Presently, only the GDP of the entire world at $25 trillion overshadows the $14-$15 trillion capitalization of the
U. S. stock market. At 160% of our huge $8.8 trillion GDP, the ratio of market capitalization to GDP is over 60% higher than it was in 1929, the previous all-time high. We are light years from the 70-year average of 50% and from the low of 33% seen in 1974 and 1982.

In the last 2½ years, the stock market capitalization has increased over $5 trillion, a gain equal to 60% of
America’s current GDP. Unfortunately, earnings of the underlying companies have not been responsible for this surge. Since the end of 1996 the S&P 500 has rallied 75%, but S&P earnings have grown only about 6%.

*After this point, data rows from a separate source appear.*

text \<open>With \<open>N = \<lfloor>T\<rfloor>\<close>, the integral over \<open>[0, T)\<close> is at least \<open>g (N + 1) harm N / (3 \<kappa>)\<close>,
  while the integral over the last stretch \<open>[T - t, T)\<close> is at most \<open>t g (N + 1)\<close>.\<close>
lemma tail_fraction_le:
  fixes g :: "real \<Rightarrow> real"
  assumes mono: "mono g" and g1: "\<And>x. 1 \<le> g x"
    and sub: "\<And>a b. g (real (a + b)) \<le> g (real a) * (\<kappa> * (1 + real b))"
    and "\<kappa> > 0" and "t \<ge> 0" and T: "t + 3 \<le> T"
  shows "(LINT s:{T - t..<T}|lborel. g s) / (LINT s:{0..<T}|lborel. g s)
           \<le> 3 * t * \<kappa> / harm (nat \<lfloor>T\<rfloor>)"
proof -
  define N where "N = nat \<lfloor>T\<rfloor>"
  have N: "real N \<le> T" "T \<le> real (N + 1)" "N \<ge> 1"
  proof -
    have "real N = of_int \<lfloor>T\<rfloor>" "1 \<le> \<lfloor>T\<rfloor>"
      using T \<open>t \<ge> 0\<close> by (auto simp: N_def le_floor_iff)
    then show "real N \<le> T" "T \<le> real (N + 1)" "N \<ge> 1"
      using floor_correct[of T] by linarith+
  qed
  have "(LINT s:{T - t..<T}|lborel. g s) \<le> t * g T"
    using set_integral_mono_Ico_bounds(2)[OF mono, of "T - t" T] \<open>t \<ge> 0\<close> by simp
  also have "\<dots> \<le> t * g (real (N + 1))"
    using N mono \<open>t \<ge> 0\<close> by (intro mult_left_mono) (auto simp: mono_def)
  finally have tail: "(LINT s:{T - t..<T}|lborel. g s) \<le> t * g (real (N + 1))" .
  have "g (real (N + 1)) * harm N / (3 * \<kappa>) \<le> (\<Sum>k<N. g (real k))"
    using sum_ge_harm_if_subgrowth[OF sub \<open>\<kappa> > 0\<close>] g1[of "real (N + 1)"] by simp
  also have "\<dots> \<le> (LINT s:{0..<real N}|lborel. g s)" by (rule sum_le_set_integral_mono[OF mono])
  also have "\<dots> \<le> (LINT s:{0..<T}|lborel. g s)"
  proof -
    have "0 \<le> (T - real N) * g (real N)" using N g1[of "real N"] by simp
    then show ?thesis
      using set_integral_mono_Ico_split[OF mono, of 0 "real N" T]
        set_integral_mono_Ico_bounds(1)[OF mono, of "real N" T] N by linarith
  qed
  finally have whole: "g (real (N + 1)) * harm N / (3 * \<kappa>) \<le> (LINT s:{0..<T}|lborel. g s)" .
  have "(0::real) < harm N" using N by (intro harm_pos) simp
  then have "(LINT s:{T - t..<T}|lborel. g s) / (LINT s:{0..<T}|lborel. g s)
      \<le> t * g (real (N + 1)) / (g (real (N + 1)) * harm N / (3 * \<kappa>))"
    using tail whole g1[of "real (N + 1)"] \<open>\<kappa> > 0\<close> \<open>t \<ge> 0\<close>
      set_integral_mono_Ico_bounds(1)[OF mono, of "T - t" T] g1[of "T - t"]
    by (intro frac_le) (auto intro: order_trans[rotated])
  also have "\<dots> = 3 * t * \<kappa> / harm N"
    using g1[of "real (N + 1)"] \<open>0 < harm N\<close> \<open>\<kappa> > 0\<close> by (simp add: field_simps)
  finally show ?thesis unfolding N_def .
qed
definition polygon_curve :: "nat \<Rightarrow> (nat \<Rightarrow> real^2) \<Rightarrow> (real^2) set" where
  "polygon_curve n P = (\<Union>i\<in>{1..2*n}. closed_segment (P i) (P (i+1)))"

definition CPOS :: "nat \<Rightarrow> (nat \<Rightarrow> real^2) \<Rightarrow> bool" where
  "CPOS n P \<longleftrightarrow>
     n \<ge> 2
   \<and> (\<forall>i. P (i + 2*n) = P i)
   \<comment> \<open>bounds a convex region\<close>
   \<and> (\<exists>K. convex K \<and> compact K \<and> interior K \<noteq> {} \<and> frontier K = polygon_curve n P)
   \<comment> \<open>no two adjacent sides parallel\<close>
   \<and> (\<forall>i. \<not> parallel2 (P (i+1) - P i) (P (i+2) - P (i+1)))
   \<comment> \<open>parallel opposite sides\<close>
   \<and> (\<forall>i. parallel2 (P (i+n+1) - P (i+n)) (P (i+1) - P i))
   \<comment> \<open>positively oriented\<close>
   \<and> (\<forall>i j. 1 \<le> i \<longrightarrow> i < j \<longrightarrow> j \<le> n \<longrightarrow> det2 (P (i+1) - P i) (P (j+1) - P j) > 0)"

definition great_diag :: "nat \<Rightarrow> (nat \<Rightarrow> real^2) \<Rightarrow> nat \<Rightarrow> (real^2) set" where
  "great_diag n P i = affine hull {P i, P (i+n)}"

text \<open>Dpt n P i is the point D(i + 1/2), the intersection of d_i and d_(i+1).\<close>
definition Dpt :: "nat \<Rightarrow> (nat \<Rightarrow> real^2) \<Rightarrow> nat \<Rightarrow> real^2" where
  "Dpt n P i = (THE x. x \<in> great_diag n P i \<and> x \<in> great_diag n P (i+1))"

definition Mpt :: "nat \<Rightarrow> (nat \<Rightarrow> real^2) \<Rightarrow> nat \<Rightarrow> real^2" where
  "Mpt n P i = (1/2) *\<^sub>R (P i + P (i+n))"

end

theory Submission
  imports Defs
begin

Everyone has his favorite story of extremes these days. For instance, the six biggest tech stocks (Microsoft, Intel, IBM, Cisco, Lucent and Dell) are now valued at $1.65 trillion or 20% of GDP. Microsoft alone is valued at $500 billion, making it larger than the entire junk bond market!

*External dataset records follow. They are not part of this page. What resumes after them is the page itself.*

(* Let $p\in[1,+\infty)$, $s\in(0,1)$ and $\beta\in\big(\max\{0,\frac1p-2s\},\frac1p\big)$, and let $u(x):=(1+x^2)^{-\beta/2}$ for $x\in\mathbb{R}$. Then $u\notin L^p(\mathbb{R})$; there exists a constant $C>0$ such that $|(-\Delta)^su(x)|\le C|x|^{-\beta-2s}$ for all $|x|\ge1$; and $(-\Delta)^su\in L^p(\mathbb{R})$.
   Context: For a function $v$ on $\mathbb{R}^n$ ($n=1$ here), smooth near $x$ and with $\int\frac{|v(y)|}{(1+|y|)^{n+2s}}dy<\infty$, the fractional Laplacian is $(-\Delta)^sv(x):=c_{n,s}\lim_{\varepsilon\searrow0}\int_{\mathbb{R}^n\setminus B_\varepsilon(x)}\frac{v(x)-v(y)}{|x-y|^{n+2s}}dy$, with $c_{n,s}=-\frac{2^{2s}\Gamma(\frac{n+2s}2)}{\pi^{n/2}\Gamma(-s)}>0$. *)

theory Defs
  imports "HOL-Analysis.Analysis"
begin

definition frac_const :: "real \<Rightarrow> real" where
  "frac_const s = - (2 powr (2 * s) * Gamma ((1 + 2 * s)/2)) / (sqrt pi * Gamma (-s))"

definition frac_trunc :: "real \<Rightarrow> (real \<Rightarrow> real) \<Rightarrow> real \<Rightarrow> real \<Rightarrow> real" where
  "frac_trunc s v x \<epsilon> =
     (LINT y:{y. \<epsilon> \<le> \<bar>x - y\<bar>}|lborel. (v x - v y) / \<bar>x - y\<bar> powr (1 + 2 * s))"

definition frac_lap :: "real \<Rightarrow> (real \<Rightarrow> real) \<Rightarrow> real \<Rightarrow> real" where
  "frac_lap s v x = frac_const s * Lim (at_right 0) (frac_trunc s v x)"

My personal favorite anecdote illuminating today’s hysteria is Internet Capital Group. It is an Internet venture capital fund valued at approximately $12 billion (that has only one public holding worth about $400 million). In a recent interview, a big-time Wall Street analyst justified the current valuation by explaining that recent venture capital returns have been 30-fold and that if all of ICGE investments and the cash received from the IPO were valued at 30 times the stock would be worth about what it was selling for, but that meant you would be getting management for free! Consequently, he liked it. It has rallied over 30% since the interview.

However, it is not the specific examples that are the primary concern. The risk is that the environment which has led to these individual excesses has produced a total market capitalization so out of proportion with the underlying businesses that it has altered the economy of the world.

Former Fed Chairman Paul Volcker recently summed up the situation quite succinctly when he said, “The fate of the world economy is now totally dependent on the stock market, whose growth is dependent on about 50 stocks, half of which have never reported any earnings.” I urge you to think about that statement. It is the reason why any responsible person should be aware of these facts.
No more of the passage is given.